Он сказал, что в первый же момент, когда увидел ее, поразился несомненному ее сходству с девушкой, которую он знал много лет назад, когда сам еще был молодым парнем. То была первая девушка, в которую он по-настоящему влюбился. Она была дочерью крестьянина, и они вместе ходили продавать овощи на деревенскую площадь. Однажды ночью молодому лейтенанту (каковым он впоследствии на самом деле стал) приснился сон, будто он оказался в каком-то странном доме. Он бродил по нему до тех пор, пока не зашел в одну комнату, где увидел девушку, сидевшую в кресле-качалке. Заметив его, она встала и обвила его руками. Они начали целоваться и лихорадочно обнимать друг друга. Он порвал на ней одежду, не зная, что должно быть под ней, так как ни разу в жизни не видел обнаженную женщину. Когда будущий лейтенант задрал девушке юбку, то увидел возле ее пупка необычное родимое пятно, похожее на синяк. Сходство было настолько сильным, что он спросил, не избил ли кто девушку. Но она сказала, что это родимое пятно, которое должно принести ей счастье. Потом он проснулся. Позже в этот день он узнал, что прошлой ночью его подругу закололи насмерть.

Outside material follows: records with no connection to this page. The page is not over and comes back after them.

(* Let $\mu$ be a probability measure on $\mathbb{R}$ that is dimension regular: there exist a $\mu$-measurable function $\alpha(x)$ and strictly positive constants $C$, $c$, $t_0$ such that for every $x$ in the support of $\mu$ and all $0<t<t_0$, $$ct^{\alpha(x)}\le\mu[x-t/2,x+t/2]\le Ct^{\alpha(x)}.$$ Then $\delta_c(\mu)=\int\alpha(x)\,d\mu(x)$.
   Context: For $t>0$, $\nu_t$ is the centered Gaussian law on $\mathbb{R}$ with variance $t^2$, $\mu_t=\mu*\nu_t$, and $H(p\,dx)=\int p\log p\,dx$. Define $$\delta_c(\mu)=1-\liminf_{t\to0}\frac{H(\mu_t)}{|\log t|}.$$ *)

theory Defs
  imports "HOL-Probability.Probability"
begin

text \<open>Density of mu_t = mu * nu_t, where nu_t is the centred Gaussian with variance t^2.\<close>
definition gauss_smooth_density :: "real measure \<Rightarrow> real \<Rightarrow> real \<Rightarrow> real" where
  "gauss_smooth_density \<mu> t x = (\<integral>y. normal_density 0 t (x - y) \<partial>\<mu>)"

text \<open>Differential entropy H(p dx) = integral of p log p dx, taken in the extended reals
  as (positive part) minus (negative part), so that the value minus infinity is allowed.\<close>
definition diff_entropy :: "(real \<Rightarrow> real) \<Rightarrow> ereal" where
  "diff_entropy p =
     enn2ereal (\<integral>\<^sup>+ x. ennreal (max 0 (p x * ln (p x))) \<partial>lborel)
   - enn2ereal (\<integral>\<^sup>+ x. ennreal (max 0 (- (p x * ln (p x)))) \<partial>lborel)"

definition delta_c :: "real measure \<Rightarrow> ereal" where
  "delta_c \<mu> = 1 - Liminf (at_right 0)
      (\<lambda>t. diff_entropy (gauss_smooth_density \<mu> t) / ereal \<bar>ln t\<bar>)"

definition measure_support :: "real measure \<Rightarrow> real set" where
  "measure_support \<mu> = {x. \<forall>e>0. emeasure \<mu> (ball x e) > 0}"

end

theory Submission
  imports Defs "HOL-Real_Asymp.Real_Asymp"
begin

(* Near a point y of the support, at scale t, the smoothed density behaves like
   t^(alpha(y) - 1). Bounding mu_t(x) from below by the mass c t^alpha(y) of the window of
   width t around y, and from above by the mass of the window of half-width t sqrt(2 |ln t|)
   around x (outside of which the Gaussian kernel is O(1)), gives

     ln mu_t(x) = (alpha(y) - 1) ln t + O(1 + ln(1 + sqrt |ln t|) + ((x - y) / t)^2).

   Since mu_t ln mu_t (x) = int phi_t(x - y) ln mu_t(x) dmu(y), integrating these bounds in x
   against the Gaussian centred at y and then in y yields
   H(mu_t) = (int alpha dmu - 1) ln t + O(ln(1 + sqrt |ln t|)).
   This needs 0 <= alpha <= 1 mu-almost everywhere: alpha >= 0 on the support because masses
   are at most 1, and {alpha >= 1 + eps} inside [-R, R] is covered by O(R / t) windows of
   width t/2, each of mass at most C t^(1 + eps). *)

lemma compl_measure_support:
  assumes "sets M = sets borel"
  shows "- measure_support M = \<Union>{ball x e |x e. emeasure M (ball x e) = 0}"
proof (intro equalityI subsetI)
  fix z assume "z \<in> - measure_support M"
  then obtain e where "e > 0" "emeasure M (ball z e) = 0"
    by (auto simp: measure_support_def not_less)
  then show "z \<in> \<Union>{ball x e |x e. emeasure M (ball x e) = 0}"
    using centre_in_ball by blast
next
  fix z assume "z \<in> \<Union>{ball x e |x e. emeasure M (ball x e) = 0}"
  then obtain x e where z: "z \<in> ball x e" and null: "emeasure M (ball x e) = 0"
    by auto
  have "ball z (e - dist x z) \<subseteq> ball x e"
    by (simp add: ball_subset_ball_iff dist_commute)
  then have "emeasure M (ball z (e - dist x z)) \<le> emeasure M (ball x e)"
    using assms by (intro emeasure_mono) auto
  then have "emeasure M (ball z (e - dist x z)) = 0"
    using null by simp
  then show "z \<in> - measure_support M"
    using z by (auto simp: measure_support_def intro!: exI[of _ "e - dist x z"])
qed

lemma closed_measure_support:
  assumes "sets M = sets borel"
  shows "closed (measure_support M)"
  by (auto simp: closed_def compl_measure_support[OF assms])

lemma AE_in_measure_support:
  assumes "sets M = sets borel"
  shows "AE x in M. x \<in> measure_support M"
proof -
  obtain \<F> where \<F>: "\<F> \<subseteq> {ball x e |x e. emeasure M (ball x e) = 0}" "countable \<F>"
      and "\<Union>\<F> = - measure_support M"
    using Lindelof[of "{ball x e |x e. emeasure M (ball x e) = 0}"]
    by (auto simp: compl_measure_support[OF assms])
  moreover have "(\<Union>B\<in>\<F>. B) \<in> null_sets M"
    using \<F> assms by (intro null_sets_UN') (auto simp: null_sets_def)
  ultimately show ?thesis
    by (auto intro: AE_I'[of "\<Union>\<F>"])
qed

lemma measure_support_nonempty:
  assumes "prob_space M" and "sets M = sets borel"
  shows "measure_support M \<noteq> {}"
  using AE_in_measure_support[OF assms(2)] prob_space.AE_False[OF assms(1)] by auto

lemma normal_density_0_diff: "normal_density 0 \<sigma> (x - y) = normal_density y \<sigma> x"
  by (simp add: normal_density_def)

lemma normal_density_eq:
  assumes "0 < \<sigma>"
  shows "normal_density \<mu> \<sigma> x = exp (- (x - \<mu>)\<^sup>2 / (2 * \<sigma>\<^sup>2)) / (\<sigma> * sqrt (2 * pi))"
  using assms by (simp add: normal_density_def real_sqrt_mult)

lemma normal_density_le:
  assumes "0 < \<sigma>"
  shows "normal_density \<mu> \<sigma> x \<le> 1 / (\<sigma> * sqrt (2 * pi))"
  using assms by (simp add: normal_density_eq divide_right_mono)

lemma normal_density_0_antimono:
  assumes "\<bar>u\<bar> \<le> \<bar>v\<bar>"
  shows "normal_density 0 \<sigma> v \<le> normal_density 0 \<sigma> u"
proof -
  have "u\<^sup>2 \<le> v\<^sup>2"
    using assms by (simp add: abs_le_square_iff)
  then have "- v\<^sup>2 / (2 * \<sigma>\<^sup>2) \<le> - u\<^sup>2 / (2 * \<sigma>\<^sup>2)"
    by (intro divide_right_mono) auto
  then show ?thesis
    unfolding normal_density_def by (intro mult_left_mono) auto
qed

lemma normal_density_tail_le:
  assumes "0 < \<sigma>" "\<sigma> < 1" and "\<sigma> * sqrt (2 * - ln \<sigma>) \<le> \<bar>x\<bar>"
  shows "normal_density 0 \<sigma> x \<le> 1 / sqrt (2 * pi)"
proof -
  have "(\<sigma> * sqrt (2 * - ln \<sigma>))\<^sup>2 \<le> \<bar>x\<bar>\<^sup>2"
    using assms by (intro power_mono) auto
  then have "- ln \<sigma> \<le> x\<^sup>2 / (2 * \<sigma>\<^sup>2)"
    using assms by (simp add: power_mult_distrib field_simps)
  then have "exp (- x\<^sup>2 / (2 * \<sigma>\<^sup>2)) \<le> exp (ln \<sigma>)"
    by simp
  then have "exp (- x\<^sup>2 / (2 * \<sigma>\<^sup>2)) \<le> \<sigma>"
    using assms by simp
  then show ?thesis
    using assms by (simp add: normal_density_eq divide_right_mono field_simps)
qed

lemma
  assumes "0 < \<sigma>"
  shows integrable_normal_density_quadratic:
      "integrable lborel (\<lambda>x. normal_density \<mu> \<sigma> x * (a + b * ((x - \<mu>) / \<sigma>)\<^sup>2))"
    and integral_normal_density_quadratic:
      "(\<integral>x. normal_density \<mu> \<sigma> x * (a + b * ((x - \<mu>) / \<sigma>)\<^sup>2) \<partial>lborel) = a + b"
proof -
  have eq: "(\<lambda>x. normal_density \<mu> \<sigma> x * (a + b * ((x - \<mu>) / \<sigma>)\<^sup>2)) =
      (\<lambda>x. a * normal_density \<mu> \<sigma> x + (b / \<sigma>\<^sup>2) * (normal_density \<mu> \<sigma> x * (x - \<mu>) ^ 2))"
    using assms by (auto simp: fun_eq_iff field_simps power_divide)
  have moment: "integrable lborel (\<lambda>x. normal_density \<mu> \<sigma> x * (x - \<mu>) ^ 2)"
    using integrable_normal_moment[OF assms] by simp
  show "integrable lborel (\<lambda>x. normal_density \<mu> \<sigma> x * (a + b * ((x - \<mu>) / \<sigma>)\<^sup>2))"
    unfolding eq using moment integrable_normal_density[OF assms] by simp
  have "(\<integral>x. normal_density \<mu> \<sigma> x * (x - \<mu>) ^ 2 \<partial>lborel) = \<sigma>\<^sup>2"
    using integral_normal_moment_even[OF assms, of \<mu> 1] by (simp add: power2_eq_square)
  then show "(\<integral>x. normal_density \<mu> \<sigma> x * (a + b * ((x - \<mu>) / \<sigma>)\<^sup>2) \<partial>lborel) = a + b"
    unfolding eq using moment assms by simp
qed

lemma integrable_gauss_kernel:
  assumes "finite_measure M" "sets M = sets borel" "0 < t"
  shows "integrable M (\<lambda>y. normal_density 0 t (x - y))"
  using assms normal_density_le[OF assms(3)]
  by (intro finite_measure.integrable_const_bound[where B="1 / (t * sqrt (2 * pi))"]) auto

lemma borel_measurable_gauss_smooth_density:
  assumes "finite_measure M" "sets M = sets borel"
  shows "gauss_smooth_density M t \<in> borel_measurable borel"
  unfolding gauss_smooth_density_def[abs_def] using assms
  by (intro sigma_finite_measure.borel_measurable_lebesgue_integral finite_measure.sigma_finite_measure)
    auto

lemma gauss_smooth_density_lower:
  assumes "finite_measure M" "sets M = sets borel" "0 < t" "0 \<le> s"
  shows "measure M {y - s .. y + s} * normal_density 0 t (\<bar>x - y\<bar> + s) \<le> gauss_smooth_density M t x"
proof -
  let ?I = "{y - s .. y + s}"
  have "indicator ?I z * normal_density 0 t (\<bar>x - y\<bar> + s) \<le> normal_density 0 t (x - z)" for z
    by (cases "z \<in> ?I") (auto intro!: normal_density_0_antimono)
  then have "(\<integral>z. indicator ?I z * normal_density 0 t (\<bar>x - y\<bar> + s) \<partial>M) \<le> gauss_smooth_density M t x"
    unfolding gauss_smooth_density_def using assms
    by (intro integral_mono integrable_gauss_kernel
        finite_measure.integrable_const_bound[where B="normal_density 0 t (\<bar>x - y\<bar> + s)"])
      (auto simp: indicator_def)
  then show ?thesis
    using assms finite_measure.emeasure_eq_measure by simp
qed

lemma gauss_smooth_density_upper:
  assumes "prob_space M" "sets M = sets borel" "0 < t" "t < 1"
  defines "r \<equiv> t * sqrt (2 * - ln t)"
  shows "gauss_smooth_density M t x \<le> (measure M {x - r .. x + r} + t) / (t * sqrt (2 * pi))"
proof -
  interpret prob_space M by fact
  let ?I = "{x - r .. x + r}" and ?A = "1 / (t * sqrt (2 * pi))"
  have "normal_density 0 t (x - z) \<le> indicator ?I z * ?A + t * ?A" for z
  proof (cases "z \<in> ?I")
    case True
    moreover have "0 \<le> t * ?A"
      using assms by simp
    ultimately show ?thesis
      using normal_density_le[OF assms(3), of 0 "x - z"] by simp
  next
    case False
    then have "r \<le> \<bar>x - z\<bar>" by auto
    then show ?thesis
      using normal_density_tail_le[of t "x - z"] assms False by (simp add: r_def)
  qed
  then have "gauss_smooth_density M t x \<le> (\<integral>z. indicator ?I z * ?A + t * ?A \<partial>M)"
    unfolding gauss_smooth_density_def using assms
    by (intro integral_mono integrable_gauss_kernel finite_measure_axioms
        Bochner_Integration.integrable_add integrable_mult_left integrable_real_indicator) (auto simp: less_top[symmetric])
  also have "\<dots> = (measure M ?I + t) * ?A"
    using assms by (simp add: emeasure_eq_measure prob_space algebra_simps)
  finally show ?thesis by simp
qed

lemma
  fixes g :: "real \<Rightarrow> real"
  assumes "0 < \<sigma>" and g[measurable]: "g \<in> borel_measurable borel"
    and lower: "\<And>x. l - a * ((x - \<mu>) / \<sigma>)\<^sup>2 \<le> g x"
    and upper: "\<And>x. g x \<le> u + b * ((x - \<mu>) / \<sigma>)\<^sup>2"
  shows integrable_normal_density_mult: "integrable lborel (\<lambda>x. normal_density \<mu> \<sigma> x * g x)"
    and integral_normal_density_mult_ge: "l - a \<le> (\<integral>x. normal_density \<mu> \<sigma> x * g x \<partial>lborel)"
    and integral_normal_density_mult_le: "(\<integral>x. normal_density \<mu> \<sigma> x * g x \<partial>lborel) \<le> u + b"
    and integral_norm_normal_density_mult_le:
      "(\<integral>x. norm (normal_density \<mu> \<sigma> x * g x) \<partial>lborel) \<le> \<bar>l\<bar> + \<bar>u\<bar> + (\<bar>a\<bar> + \<bar>b\<bar>)"
proof -
  let ?q = "\<lambda>x. ((x - \<mu>) / \<sigma>)\<^sup>2"
  let ?B = "\<lambda>x. normal_density \<mu> \<sigma> x * (\<bar>l\<bar> + \<bar>u\<bar> + (\<bar>a\<bar> + \<bar>b\<bar>) * ?q x)"
  have "\<bar>g x\<bar> \<le> \<bar>l\<bar> + \<bar>u\<bar> + (\<bar>a\<bar> + \<bar>b\<bar>) * ?q x" for x
    using lower[of x] upper[of x] zero_le_power2[of "(x - \<mu>) / \<sigma>"]
      abs_ge_self[of a] abs_ge_self[of b] abs_ge_minus_self[of a] abs_ge_minus_self[of b]
    by (intro abs_leI) (smt (verit) mult_right_mono)+
  then have norm_le: "norm (normal_density \<mu> \<sigma> x * g x) \<le> ?B x" for x
    by (simp add: abs_mult mult_left_mono)
  show integrable: "integrable lborel (\<lambda>x. normal_density \<mu> \<sigma> x * g x)"
  proof (rule Bochner_Integration.integrable_bound)
    show "integrable lborel ?B"
      using \<open>0 < \<sigma>\<close> by (rule integrable_normal_density_quadratic)
    show "AE x in lborel. norm (normal_density \<mu> \<sigma> x * g x) \<le> norm (?B x)"
      using norm_le by (intro AE_I2) (metis abs_ge_self order_trans real_norm_def)
  qed measurable
  show "(\<integral>x. norm (normal_density \<mu> \<sigma> x * g x) \<partial>lborel)
      \<le> \<bar>l\<bar> + \<bar>u\<bar> + (\<bar>a\<bar> + \<bar>b\<bar>)"
    using integral_mono[OF integrable_norm[OF integrable] integrable_normal_density_quadratic[OF \<open>0 < \<sigma>\<close>] norm_le]
      integral_normal_density_quadratic[OF \<open>0 < \<sigma>\<close>] by simp
  have "l - a = (\<integral>x. normal_density \<mu> \<sigma> x * (l + (- a) * ?q x) \<partial>lborel)"
    using integral_normal_density_quadratic[OF \<open>0 < \<sigma>\<close>, of \<mu> l "- a"] by simp
  also have "\<dots> \<le> (\<integral>x. normal_density \<mu> \<sigma> x * g x \<partial>lborel)"
    using lower \<open>0 < \<sigma>\<close>
    by (intro integral_mono integrable_normal_density_quadratic integrable mult_left_mono) auto
  finally show "l - a \<le> (\<integral>x. normal_density \<mu> \<sigma> x * g x \<partial>lborel)" .
  have "(\<integral>x. normal_density \<mu> \<sigma> x * g x \<partial>lborel)
      \<le> (\<integral>x. normal_density \<mu> \<sigma> x * (u + b * ?q x) \<partial>lborel)"
    using upper \<open>0 < \<sigma>\<close>
    by (intro integral_mono integrable_normal_density_quadratic integrable mult_left_mono) auto
  also have "\<dots> = u + b"
    using integral_normal_density_quadratic[OF \<open>0 < \<sigma>\<close>] by simp
  finally show "(\<integral>x. normal_density \<mu> \<sigma> x * g x \<partial>lborel) \<le> u + b" .
qed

Лейтенант поведал Лизе всю эту историю и сказал, что она настолько похожа на его погибшую подругу, что он уверен: Лиза — ее реинкарнация. Лейтенанту позарез надо было знать, нет ли у Лизы такого же родимого пятна возле пупка. Лиза сказала, что у нее нет никакого родимого пятна, но такой ответ не удовлетворил лейтенанта; ему надо было все увидеть своими глазами. После бесплодных уговоров он наконец схватил девушку и сказал, что принудит ее силой показать пятно. Столкнувшись с таким насилием, она, как вы понимаете, была вынуждена схватить шпагу офицера и пригрозила, что ударит его. Он расценил это как шутку и продолжал удерживать Лизу. Девушка ударила его шпагой в грудь. Вот так он и оказался на полу мертвым.
— Какая необычная история, — сказал Гольдман, — и так похожа на ту, которую я где-то читал…
— Но потом внизу раздался грохот. Кто-то стучал во входную дверь. Это были люди из нашей батареи, которые искали лейтенанта. Ситуация была весьма скользкая. Они никогда бы не поверили, что молоденькая девица убила офицера, а вот меня могли бы наверняка повесить. Она сказала, что надо прятаться, и мы вбежали в ее комнату…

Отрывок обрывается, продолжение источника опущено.